De lá para cá, o que tivemos foi um deserto. Uma década perdida em investimento. Uma década de degradação das condições de ensino e aprendizagem com tecnologia nas nossas escolas. Sob o pretexto da crise económico-financeira e da sustentabilidade orçamental, os recursos do sistema afetos a esta matéria foram reduzidos à expressão mínima possível: a gestão dos ativos e o fornecimento de internet às escolas. E quando me refiro a recursos, não me refiro apenas a recursos orçamentais alocados a investimento. Refiro-me também a todos os outros: ao capital humano, à sua formação e aos recursos organizacionais. É um facto que os recursos são finitos. Por essa razão, a política e a sua nobreza assentam no difícil exercício de fazer escolhas. As escolhas da última década ignoraram a necessidade de manter a continuidade do investimento tecnológico nas nossas escolas. Esse investimento, para ser reprodutivo face ao que já havia sido realizado, deveria ter envolvido várias dimensões: tecnologia, capital humano, uma organização escolar com estruturas capazes de promover a transição digital nas escolas e condições de governação deste tema de política educativa a nível central. Nada disto foi feito.

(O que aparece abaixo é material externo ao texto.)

definition dF_q_norm :: "'a measure \<Rightarrow> nat \<Rightarrow> (nat \<Rightarrow> ('a \<Rightarrow> real) set) \<Rightarrow> (real \<Rightarrow> real) \<Rightarrow> ('a \<Rightarrow> real) \<Rightarrow> (nat \<Rightarrow> 'a \<Rightarrow> real) \<Rightarrow> real" where
  "dF_q_norm M N H \<psi>' c h = Sup {\<bar>dF M N \<psi>' c h r\<bar> | r. in_prod N H r \<and> q_norm M N H r \<le> 1}"

definition strongly_convex_bdd :: "(real \<Rightarrow> real) \<Rightarrow> (real \<Rightarrow> real) \<Rightarrow> (real \<Rightarrow> real) \<Rightarrow> bool" where
  "strongly_convex_bdd \<psi> \<psi>' \<sigma> \<longleftrightarrow> (\<forall>R>0. \<sigma> R > 0 \<and>
     (\<forall>s t. \<bar>s\<bar> < R \<longrightarrow> \<bar>t\<bar> < R \<longrightarrow>
        \<psi> t \<ge> \<psi> s + \<psi>' s * (t - s) + \<sigma> R / 2 * (t - s)\<^sup>2))"

definition unif_bdd_sum :: "'a measure \<Rightarrow> nat \<Rightarrow> ('a \<Rightarrow> real) \<Rightarrow> real \<Rightarrow> (nat \<Rightarrow> 'a \<Rightarrow> real) set \<Rightarrow> bool" where
  "unif_bdd_sum M N c R Ms \<longleftrightarrow>
     (\<forall>h\<in>Ms. Linf_norm M (\<lambda>x. Ssum N h x - c x) < ereal R)"

end

theory Submission
  imports Defs
begin

text \<open>Write \<open>g = h' - h\<close>. Strong convexity of \<open>\<psi>\<close> on \<open>(-R, R)\<close>, applied pointwise and
  integrated, gives \<open>F h' - F h \<ge> dF(h, g) + \<sigma>\<^sub>R/2 \<parallel>Sg\<parallel>\<^sup>2\<close>. Since \<open>dF(h, \<cdot>)\<close> is linear and
  \<open>\<parallel>[\<cdot>]\<parallel>\<^sub>q\<close> positively homogeneous, \<open>|dF(h, g)| \<le> \<parallel>d\<hat>F([h], \<cdot>)\<parallel>\<^sub>q \<parallel>[g]\<parallel>\<^sub>q\<close>, and
  \<open>\<parallel>[g]\<parallel>\<^sub>q \<le> \<parallel>Sg\<parallel>/\<delta>\<close> by hypothesis. Minimising the resulting quadratic in \<open>\<parallel>[g]\<parallel>\<^sub>q\<close>
  gives the bound.\<close>

lemma Linf_iff:
  "f \<in> Linf M \<longleftrightarrow> f \<in> borel_measurable M \<and> (\<exists>C\<ge>0. AE x in M. \<bar>f x\<bar> \<le> C)"
proof
  assume "f \<in> Linf M"
  then obtain C where m: "f \<in> borel_measurable M" and C: "AE x in M. \<bar>f x\<bar> \<le> C"
    unfolding Linf_def by auto
  have "AE x in M. \<bar>f x\<bar> \<le> max C 0" using C by eventually_elim auto
  then show "f \<in> borel_measurable M \<and> (\<exists>C\<ge>0. AE x in M. \<bar>f x\<bar> \<le> C)"
    using m by (intro conjI exI[of _ "max C 0"]) auto
qed (auto simp: Linf_def)

lemma Linf_const: "(\<lambda>x. a) \<in> Linf M"
  unfolding Linf_def by auto

lemma Linf_add:
  assumes "f \<in> Linf M" "g \<in> Linf M"
  shows "(\<lambda>x. f x + g x) \<in> Linf M"
proof -
  obtain C D where "f \<in> borel_measurable M" "g \<in> borel_measurable M"
    and "AE x in M. \<bar>f x\<bar> \<le> C" "AE x in M. \<bar>g x\<bar> \<le> D"
    using assms unfolding Linf_def by auto
  moreover have "AE x in M. \<bar>f x + g x\<bar> \<le> C + D"
    using calculation(3,4) by eventually_elim auto
  ultimately show ?thesis unfolding Linf_def by auto
qed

Na ausência de uma política pública, houve lugar, aqui e ali, a investimentos, planos, projetos, sobretudo de índole municipal, que, não sendo generalizados, não garantem, nos diversos territórios educativos, condições de equidade ao acesso aos recursos necessários para o funcionamento das escolas num ambiente digital.
O encerramento de escolas durante a pandemia veio tornar evidente o resultado de uma década perdida e demonstrar como a descontinuidade das políticas públicas em educação se paga muito caro. A desigualdade nas condições de promoção e de acesso ao ensino a distância vieram colocar em risco o desempenho da escola enquanto promotora de equidade. Talvez tenhamos arriscado perder o que construímos na última década com o objetivo de garantir equidade no acesso a uma educação de qualidade para todos.
O Plano de Ação para a Transição Digital, aprovado pelo Governo em março e publicado numa Resolução do Conselho de Ministros em abril, contempla, uma década depois, uma componente de ação dedicada à Educação Digital. Nela consta uma medida emblemática designada por Programa de Digitalização para as Escolas. São identificadas áreas de atuação: disponibilização de computadores individuais, internet móvel para alunos e docentes, acesso a recursos educativos digitais de qualidade, a ferramentas de colaboração em ambiente digital, exames, provas e sua correção em formato digital, formação de docentes. O programa que deveria consubstanciar estas medidas, com o objetivo de promover a transformação digital das escolas, seria desenvolvido por um grupo de trabalho liderado pela área governativa da educação.
Estávamos em plena pandemia e os seus efeitos eram já visíveis na desigual possibilidade de acesso à escola. Sabíamos por isso que, mais uma vez, o foco teria de ser o do fornecimento de equipamentos que minimizassem o dano causado por meio ano letivo realizado em condições muito difíceis para muitos alunos, pais e professores. Não esperávamos era que tivéssemos passado o primeiro período letivo em condições equivalentes àquelas em que terminámos o ano letivo passado. Salvou-nos o facto de, para muitos, a escola se manter presencial. Não sabemos quantos não tiveram a mesma sorte, nem durante quanto tempo.
Em todo o caso, cedo ou tarde, os computadores e ligações móveis à Internet chegarão às escolas. A universalização da escola digital constante do Programa de Estabilização Económica e Social veio resumir, para já, a digitalização das escolas aos equipamentos, formação de professores, desmaterialização de manuais escolares e produção de recursos digitais. Quanto ao mais, o Programa de Digitalização das Escolas sabe a pouco. Mais de uma década depois, pergunto-me: que lições tirámos das políticas anteriores? Fará sentido fazer igual?
Caderno de Apontamentos é uma coluna que discute temas relacionados com a Educação, através de um autor convidado.